China News Service, July 6. According to Taiwan's "Business Times" report, the Taiwan authorities' monetary policy authority announced that the foreign exchange reserves in June were US$548.963 billion, a monthly increase of US$109 million, the second consecutive month of increase.

  Cai Jiongmin, head of the foreign exchange department of the Taiwan authority's monetary policy authority, said that the change was mainly due to the depreciation of the euro and other currencies against the US dollar, which decreased after being converted into US dollars, and the higher return on investment and utilization of foreign exchange deposits.

The international dollar index soared above 105 to a 20-year high in June, rising 3.05% in the month, causing major non-US currencies to depreciate.

  Cai Jiongmin pointed out that among the major non-US currencies in the month, the euro fell by 2.79%, the Japanese yen fell by 6.22%, the British pound fell by 3.87%, the Australian dollar fell sharply by 4.11%, the Canadian dollar fell by 1.67%, and the RMB fell by 0.31%. Therefore, although the investment and utilization of foreign exchange reserves is not a "big month", it is not much, and the foreign exchange reserves still increase slightly.

At the end of June, foreign holdings of stocks and bonds on the island were calculated at the market price of the day, together with their NTD deposit balance of US$529.3 billion, which fell below US$600 billion in one fell swoop, and dropped by US$99.7 billion in a single month, making the equivalent foreign exchange reserve ratio exceeded 100% to 96%.

  Statistics from the monetary policy authority of the Taiwan authorities show that the data exceeded 100% for the first time in July 2020, and it has continued to rise since 2021, reaching a record high of 138% in December, but after April 2022, foreign sales exceeded Taiwan The remittance of stocks caused Taiwan stocks to plummet.
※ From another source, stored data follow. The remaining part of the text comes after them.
(* With $O(2)$ acting on $\mathbb R[x,y]$ by $(\varphi\cdot P)=P\circ\varphi^{-1}$ and stabilizers taken in $O(2)$: (1) for $m\ge1$, the stabilizer of $p_m(x,y)$ is $D_m$, and no polynomial in $\mathbb R[x,y]$ of degree $<m$ has stabilizer equal to $D_m$; (2) for $m\ge2$, the stabilizer of $p_m(x,y)+(x^2+y^2)q_m(x,y)$ is $K_m$, and no polynomial in $\mathbb R[x,y]$ of degree $<m+2$ has stabilizer equal to $K_m$; (3) the stabilizer of $x+xy$ is $K_1=\{\mathrm{Id}\}$, and no polynomial of degree $<2$ has stabilizer $K_1$.
   Context: $\mathbb R^2=\mathbb C$, $z=x+iy$; $O(2)$ the Euclidean orthogonal group; $\sigma_m(z)=e^{2\pi i/m}z$, $\tau(z)=\bar z$; $K_m=\langle\sigma_m\rangle$, $D_m=\langle\sigma_m,\tau\rangle$; $p_m=\mathrm{Re}(z^m)$, $q_m=\mathrm{Im}(z^m)$. Degree means total degree. *)

theory Defs
  imports "HOL-Analysis.Analysis" "HOL-Computational_Algebra.Polynomial"
begin

text \<open>Bivariate real polynomials R[x,y] are represented as polynomials in y
  whose coefficients are polynomials in x: type real poly poly.\<close>

type_synonym rpoly2 = "real poly poly"

definition X2 :: rpoly2 where "X2 = [: [:0, 1:] :]"
definition Y2 :: rpoly2 where "Y2 = [: 0, 1 :]"

text \<open>Evaluation at the point z = x + i y of R^2 = C.\<close>
definition eval2 :: "rpoly2 \<Rightarrow> complex \<Rightarrow> real" where
  "eval2 P z = poly (map_poly (\<lambda>c. poly c (Re z)) P) (Im z)"

text \<open>Total degree (the zero polynomial gets degree 0 by convention).\<close>
definition deg2 :: "rpoly2 \<Rightarrow> nat" where
  "deg2 P = Max ({0} \<union> {i + degree (coeff P i) | i. coeff P i \<noteq> 0})"

text \<open>Real and imaginary parts of (x + i y)^m as polynomials.\<close>
fun reim :: "nat \<Rightarrow> rpoly2 \<times> rpoly2" where
  "reim 0 = (1, 0)"
| "reim (Suc n) = (case reim n of (a, b) \<Rightarrow> (a * X2 - b * Y2, a * Y2 + b * X2))"

definition pm :: "nat \<Rightarrow> rpoly2" where "pm m = fst (reim m)"
definition qm :: "nat \<Rightarrow> rpoly2" where "qm m = snd (reim m)"

definition O2 :: "(complex \<Rightarrow> complex) set" where
  "O2 = {\<phi>. orthogonal_transformation \<phi>}"

text \<open>Stabilizer in O(2) for the action (\<phi> . P) = P \<circ> \<phi>^{-1}
  (equality of polynomials is tested as equality of polynomial functions).\<close>
definition stab :: "rpoly2 \<Rightarrow> (complex \<Rightarrow> complex) set" where
  "stab P = {\<phi> \<in> O2. \<forall>z. eval2 P (inv \<phi> z) = eval2 P z}"

definition sigma :: "nat \<Rightarrow> complex \<Rightarrow> complex" where
  "sigma m z = cis (2 * pi / real m) * z"

definition tau :: "complex \<Rightarrow> complex" where
  "tau z = cnj z"

text \<open>Subgroup generated by a set of maps of finite order (= generated monoid).\<close>
inductive_set gen :: "('a \<Rightarrow> 'a) set \<Rightarrow> ('a \<Rightarrow> 'a) set" for S where
  gen_id: "id \<in> gen S"
| gen_step: "s \<in> S \<Longrightarrow> g \<in> gen S \<Longrightarrow> s \<circ> g \<in> gen S"

definition Km :: "nat \<Rightarrow> (complex \<Rightarrow> complex) set" where
  "Km m = gen {sigma m}"

definition Dm :: "nat \<Rightarrow> (complex \<Rightarrow> complex) set" where
  "Dm m = gen {sigma m, tau}"

end

theory Submission
  imports Defs
begin

(* Identify R^2 with C.  Every element of O(2) is z \<mapsto> a z or z \<mapsto> a (cnj z)
   with |a| = 1, and since p_m(z) = Re z^m and q_m(z) = Im z^m, the three positive
   statements reduce to evaluating the polynomials at a few points.
   The three minimality statements rest on a polar expansion: if P has total degree
   at most d, then for real r and |u| = 1
        u^d P(r u) = Q(r, u)
   for a complex polynomial Q in which every monomial r^e u^n satisfies e \<le> d,
   |n - d| \<le> e and n + e + d even; that is, the angular frequency n - d of a term is
   bounded by, and congruent modulo 2 to, its radial degree e.  Invariance under the
   rotation by e^(2 pi i/m) kills every term whose frequency is not divisible by m.
   Under the degree bounds of the theorem only the frequencies 0 and \<plusminus>m survive, so
   P(z) = F(|z|) + \<alpha> z^m + \<beta> (cnj z)^m.  Such a P is fixed by a reflection (hence its
   stabilizer is not K_m), and when deg P < m it is radial, hence fixed by the rotation
   by pi/m, which does not belong to D_m. *)

section \<open>Evaluating bivariate polynomials\<close>

lemma eval2_nested: "eval2 P z = poly (poly P [:Im z:]) (Re z)"
  by (induction P) (auto simp: eval2_def map_poly_pCons)

lemma eval2_mult[simp]: "eval2 (P * Q) z = eval2 P z * eval2 Q z"
  and eval2_add[simp]: "eval2 (P + Q) z = eval2 P z + eval2 Q z"
  and eval2_diff[simp]: "eval2 (P - Q) z = eval2 P z - eval2 Q z"
  and eval2_one[simp]: "eval2 1 z = 1"
  and eval2_power[simp]: "eval2 (P ^ n) z = eval2 P z ^ n"
  and eval2_X2[simp]: "eval2 X2 z = Re z"
  and eval2_Y2[simp]: "eval2 Y2 z = Im z"
  by (simp_all add: eval2_nested X2_def Y2_def poly_power)

lemma eval2_pm_qm: "eval2 (pm n) z = Re (z^n) \<and> eval2 (qm n) z = Im (z^n)"
proof (induction n)
  case 0 thus ?case by (simp add: pm_def qm_def eval2_nested)
next
  case (Suc n)
  obtain a b where ab: "reim n = (a,b)" by force
  with Suc have "eval2 a z = Re (z^n)" "eval2 b z = Im (z^n)" by (auto simp: pm_def qm_def)
  thus ?case using ab by (simp add: pm_def qm_def)
qed

lemma eval2_sum: "eval2 P w = (\<Sum>i\<le>degree P. poly (coeff P i) (Re w) * Im w ^ i)"
proof -
  have "poly P [:Im w:] = (\<Sum>i\<le>degree P. coeff P i * [:Im w:] ^ i)" by (rule poly_altdef)
  thus ?thesis by (simp add: eval2_nested poly_sum poly_power)
qed

lemma deg2_ge: assumes "coeff P i \<noteq> 0" shows "i + degree (coeff P i) \<le> deg2 P"
proof -
  have "{i + degree (coeff P i) | i. coeff P i \<noteq> 0} \<subseteq> (\<lambda>i. i + degree (coeff P i)) ` {..degree P}"
    using le_degree by fastforce
  hence fin: "finite ({0} \<union> {i + degree (coeff P i) | i. coeff P i \<noteq> 0})"
    using finite_subset by blast
  show ?thesis unfolding deg2_def using assms by (intro Max_ge[OF fin]) auto
qed

section \<open>The orthogonal group O(2)\<close>

lemma unit_cnj: "cmod u = 1 \<Longrightarrow> u * cnj u = 1"
  by (metis complex_norm_square mult.commute mult_1 of_real_1 power_one)

lemma unit_Re_zero: assumes "cmod w = 1" "Re w = 0" shows "w = \<i> \<or> w = - \<i>"
proof -
  have "Im w ^ 2 = 1" using assms cmod_power2[of w] by simp
  hence "Im w = 1 \<or> Im w = -1" by (simp add: power2_eq_1_iff)
  thus ?thesis using assms(2) by (auto simp: complex_eq_iff)
qed

lemma orthonormal_pair:
  assumes a: "cmod a = 1" and b: "cmod b = 1" and ab: "a \<bullet> b = 0"
  shows "b = \<i> * a \<or> b = - \<i> * a"
proof -
  have "cmod (b * cnj a) = 1" "Re (b * cnj a) = 0"
    using a b ab by (simp_all add: norm_mult inner_complex_def algebra_simps)
  hence "b * cnj a = \<i> \<or> b * cnj a = - \<i>" by (rule unit_Re_zero)
  moreover have "b = (b * cnj a) * a"
    using unit_cnj[OF a] by (simp add: mult.assoc mult.commute[of "cnj a"])
  ultimately show ?thesis by (metis mult_minus_left)
qed

lemma O2_cases:
  assumes "orthogonal_transformation \<phi>"
  shows "\<exists>a. cmod a = 1 \<and> (\<phi> = (\<lambda>z. a * z) \<or> \<phi> = (\<lambda>z. a * cnj z))"
proof -
  define a b where "a = \<phi> 1" and "b = \<phi> \<i>"
  have lin: "linear \<phi>" using assms orthogonal_transformation_linear by blast
  have a1: "cmod a = 1" and b1: "cmod b = 1"
    using orthogonal_transformation_norm[OF assms] by (simp_all add: a_def b_def)
  have "a \<bullet> b = 0" using assms unfolding orthogonal_transformation_def a_def b_def
    by (simp add: inner_complex_def)
  hence ba: "b = \<i> * a \<or> b = - \<i> * a" using orthonormal_pair a1 b1 by blast
  have phi: "\<phi> z = Re z *\<^sub>R a + Im z *\<^sub>R b" for z
  proof -
    have "z = Re z *\<^sub>R 1 + Im z *\<^sub>R \<i>" by (simp add: complex_eq_iff)
    hence "\<phi> z = \<phi> (Re z *\<^sub>R 1 + Im z *\<^sub>R \<i>)" by simp
    thus ?thesis using lin by (simp add: linear_add linear_scale a_def b_def)
  qed
  from ba have "\<phi> = (\<lambda>z. a * z) \<or> \<phi> = (\<lambda>z. a * cnj z)"
    by (auto simp: phi fun_eq_iff scaleR_conv_of_real complex_eq_iff algebra_simps)
  thus ?thesis using a1 by blast
qed

lemma rotation_O2: "cmod a = 1 \<Longrightarrow> orthogonal_transformation (\<lambda>z. a * z)"
  and reflection_O2: "cmod a = 1 \<Longrightarrow> orthogonal_transformation (\<lambda>z. a * cnj z)"
  by (auto simp: orthogonal_transformation linear_iff norm_mult scaleR_conv_of_real algebra_simps)

lemma reflection_not_rotation: "cmod v = 1 \<Longrightarrow> (\<lambda>z. v * cnj z) \<noteq> (\<lambda>z. a * z)"
proof
  assume v: "cmod v = 1" and e: "(\<lambda>z. v * cnj z) = (\<lambda>z. a * z)"
  have "v = a" using fun_cong[OF e, of 1] by simp
  moreover have "- v * \<i> = a * \<i>" using fun_cong[OF e, of \<i>] by simp
  ultimately have "v = 0" by (simp add: complex_eq_iff)
  thus False using v by simp
qed

lemma stab_iff:
  assumes "orthogonal_transformation \<phi>"
  shows "\<phi> \<in> stab P \<longleftrightarrow> (\<forall>z. eval2 P (\<phi> z) = eval2 P z)"
proof -
  have "bij \<phi>" using assms orthogonal_transformation_bij by blast
  hence inv: "inv \<phi> (\<phi> z) = z" "\<phi> (inv \<phi> z) = z" for z
    by (auto simp: bij_def inv_f_f surj_f_inv_f)
  have "(\<forall>z. eval2 P (inv \<phi> z) = eval2 P z) \<longleftrightarrow> (\<forall>z. eval2 P (\<phi> z) = eval2 P z)"
    by (metis inv)
  thus ?thesis unfolding stab_def O2_def using assms by blast
qed

lemma stab_O2: "\<phi> \<in> stab P \<Longrightarrow> orthogonal_transformation \<phi>"
  unfolding stab_def O2_def by blast

lemma stab_rotation: "cmod a = 1 \<Longrightarrow> (\<lambda>z. a * z) \<in> stab P \<longleftrightarrow> (\<forall>z. eval2 P (a * z) = eval2 P z)"
  and stab_reflection: "cmod a = 1 \<Longrightarrow>
     (\<lambda>z. a * cnj z) \<in> stab P \<longleftrightarrow> (\<forall>z. eval2 P (a * cnj z) = eval2 P z)"
  using stab_iff rotation_O2 reflection_O2 by blast+

section \<open>The groups K_m and D_m\<close>

definition zeta :: "nat \<Rightarrow> complex" where "zeta m = cis (2 * pi / real m)"

lemma sigma_zeta: "sigma m = (\<lambda>z. zeta m * z)"
  by (auto simp: sigma_def zeta_def)

lemma zeta_unit: "cmod (zeta m) = 1"
  by (simp add: zeta_def)

lemma zeta_pow: "zeta m ^ k = cis (real k * (2 * pi / real m))"
  unfolding zeta_def by (rule Complex.DeMoivre)

lemma zeta_pow_m: "zeta m ^ m = 1"
  by (cases "m = 0") (simp_all add: zeta_pow)

lemma zeta_pow_eq: assumes "m \<ge> 1" "zeta m ^ n = zeta m ^ d" shows "n mod m = d mod m"
proof -
  have "zeta m ^ k = exp (2 * of_real pi * \<i> * of_nat k / of_nat m)" for k
    by (simp add: zeta_pow cis_conv_exp field_simps)
  thus ?thesis using assms complex_root_unity_eq[of m n d] by simp
qed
In April and May, the equivalent ratio fell to 111% and 115%, and in June, it fell further below 100% to 96%.

  Cai Jiongmin explained that foreign capital actually did not go out that much in June. The amount of remittance together with principal and surplus was about US$5.189 billion, which was lower than the US$12 billion and US$8 billion in March and April. The remittance bought super Taiwan stocks, so it turned into a remittance of US$1 billion that month.

  Although the monetary policy authority of the other Taiwan authorities made a slight adjustment in June, the trading of foreign exchange contracts was balanced and did not affect the changes in foreign exchange reserves, unlike the obvious situation of foreign exchange sales in March and April.

In the second half of the year, the global stock market will continue to follow the trend of the US stock market. Cai Jiongmin emphasized that the current market view is pessimistic. Because of the high inflation in the United States, the Federal Reserve continues to raise interest rates. It is estimated that there will be 6 to 7 interest rate hikes after July. The fund rate will be 3% to 3.25% by the end of the year, or even 3.25% to 3.5%, which is not conducive to the performance of US stocks. Major Asian stock markets including Taiwan stocks will be negatively affected.